Guest post by Tigest Tamrat, research coordinator, HITLAB, and master’s student at Columbia University School of Public Health
As I approached the sea of green and blue bags flashing the “Healthy Communities Promote Healthy Minds and Bodies” slogan around the Washington Convention Center, my cab driver jokingly asked if I was attending a more formal variation of the Occupy Wall Street movement.
With more than 13,000 public health professionals congregating for the annual American Public Health Association (APHA) conference, this was just as deserving of news coverage.
One of the first things that struck me was the event’s physical span and topical breadth. The conference stretched over five days and covered six city blocks. In terms of expertise, researchers presented in more than 1,000 scientific sessions and addressed a diverse range of public health topics.

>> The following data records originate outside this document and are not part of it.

lemma backward_barrier_pos:
  fixes w w' :: "'j \<Rightarrow> real \<Rightarrow> real"
  assumes J: "finite J"
    and deriv: "\<And>j t. j \<in> J \<Longrightarrow> t \<in> {a..b} \<Longrightarrow> (w j has_real_derivative w' j t) (at t within {a..b})"
    and final: "\<And>j. j \<in> J \<Longrightarrow> w j b > 0"
    and barrier: "\<And>j s. j \<in> J \<Longrightarrow> s \<in> {a..<b} \<Longrightarrow> w j s \<le> 0 \<Longrightarrow> (\<forall>l\<in>J. w l s \<ge> 0) \<Longrightarrow> w' j s < 0"
  shows "\<forall>j\<in>J. \<forall>t\<in>{a..b}. w j t > 0"
proof (rule ccontr)
  define S where "S = (\<Union>j\<in>J. {t \<in> {a..b}. w j t \<le> 0})"
  have cont: "continuous (at t within {a..b}) (w j)" if "j \<in> J" "t \<in> {a..b}" for j t
    using deriv[OF that] by (rule DERIV_continuous)
  have "closed S"
    unfolding S_def using J cont
    by (intro closed_UN ballI continuous_on_closed_Collect_le)
       (auto simp: continuous_on_eq_continuous_within intro: continuous_on_const)
  moreover assume "\<not> ?thesis"
  hence "S \<noteq> {}" unfolding S_def by force
  moreover have bdd: "bdd_above S" unfolding S_def by (rule bdd_aboveI[of _ b]) auto
  ultimately have "Sup S \<in> S" by (rule closed_contains_Sup[rotated -1])
  then obtain j s where j: "j \<in> J" and s: "s \<in> {a..b}" "w j s \<le> 0" and s_def: "s = Sup S"
    unfolding S_def by blast
  have after: "w l r > 0" if "l \<in> J" "s < r" "r \<le> b" for l r
  proof (rule ccontr)
    assume "\<not> w l r > 0"
    with that s have "r \<in> S" unfolding S_def by (auto simp: not_less)
    hence "r \<le> s" using bdd unfolding s_def by (rule cSup_upper)
    with \<open>s < r\<close> show False by simp
  qed
  have "s < b"
    using s final[OF j] by (cases "s = b") auto
  have "\<forall>l\<in>J. w l s \<ge> 0"
    using nonneg_if_pos_right[OF cont _ \<open>s < b\<close> after] s(1) by auto
  hence "w' j s < 0"
    using barrier[OF j _ \<open>w j s \<le> 0\<close>] s \<open>s < b\<close> by auto
  then obtain d where "d > 0"
    and decr: "\<forall>h>0. s + h \<in> {a..b} \<longrightarrow> h < d \<longrightarrow> w j s > w j (s + h)"
    using has_real_derivative_neg_dec_right[OF deriv[OF j s(1)]] by blast
  define h where "h = min (d / 2) ((b - s) / 2)"
  have "h > 0" "h < d" "s + h \<in> {a..b}"
    using \<open>d > 0\<close> \<open>s < b\<close> s unfolding h_def by (auto simp: min_def field_simps)
  with decr \<open>w j s \<le> 0\<close> after[OF j, of "s + h"] show False by force
qed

Considering the significance of this conference for the both the global and domestic public health community, I took on the exciting role as a panelist on international women’s health, presenting HITLAB’s findings on the use of mHealth for improving prenatal and neonatal health outcomes. This research revealed that mHealth plays an integral role in comprehensive approaches to expedite emergency referrals and facilitate communication between health workers for obstetric and neonatal care. The systematic literature review demonstrated the ways in which mobile technologies bolster preventive services through the promotion of antenatal care and targeted dissemination of critical prenatal information.
Despite these gains, the review identified a paucity of research regarding funding and policy frameworks for incorporating and scaling mHealth-based maternal and newborn initiatives into the broader health system.
My panel included three individuals who had researched women’s health in varying parts of the world such as the Philippines, Mexico, and the Democratic Republic of Congo. Their work involved topics such as the legalization of abortion, de-stigmatization of sexual and gender-based violence survivors, and integration of family planning and immunization services. The research projects attracted a sizeable audience composed primarily of women – with the exception of one man who braved the estrogen-loaded session. In the dialogue following the presentations, the gender imbalance almost seemed to facilitate an intimate forum for candidly discussing and exchanging practical experiences on issues of maternal and women’s health.
Panelist Tahilin Sanchez-Karver presented Claudia Diaz’s qualitative study on health workers’ perceptions following the decriminalization of abortions in Mexico, and provoked a lot of questions from audience members who probed on the quality of services provided despite clinicians’ adverse attitudes towards pregnancy terminations. Other audience members were confounded by the mismatch between the ostracism of sexual and gender-based violence survivors and the same community’s empathy in alleviating the trauma suffered by those abused, as evidenced by panelist Stella Babalola’s study. Catherine Fort’s examination of transferring lessons from the high immunization success in the Philippines to promote family planning also garnered attention from professionals who sought insight on new approaches to address the lag in reproductive health needs.
While these socio-behavioral studies highlighted the psychological aspects of delivering health services, our mHealth presentation also demonstrated an unconventional dimension to improving health outcomes. Considering the pervasiveness of mHealth and incipiency of related focused research, the study ignited interest in the application of mobile technologies to enhance other aspects of women and children’s health such as family planning and immunization schedules.
In general, the discussion explored the limited progress toward achieving the globally endorsed goals of reducing maternal mortality, and this observation stimulated further interchange on the demonstrated steps to tackle this issue. The topic of maternal and child health, to me, had always been nebulous and, at times, a discouraging area of study due to the complex interaction among health systems’ resources, sociocultural contexts and positioning of women, and multitude of involved stakeholders.
My co-panelists’ presentations complicated these relationships and further contributed to the intricacies of improving health for this target population. By the same token, the constructive dialogues and commitment of public health professionals to hone in on these issues and share novel findings instilled a sense of reassurance. In an unassuming fashion, the session transformed the mammoth expanse of the APHA convention into an, engaging and more palpable experience, mirroring my personal processing in grappling with the breadth and enormity of international maternal and newborn health.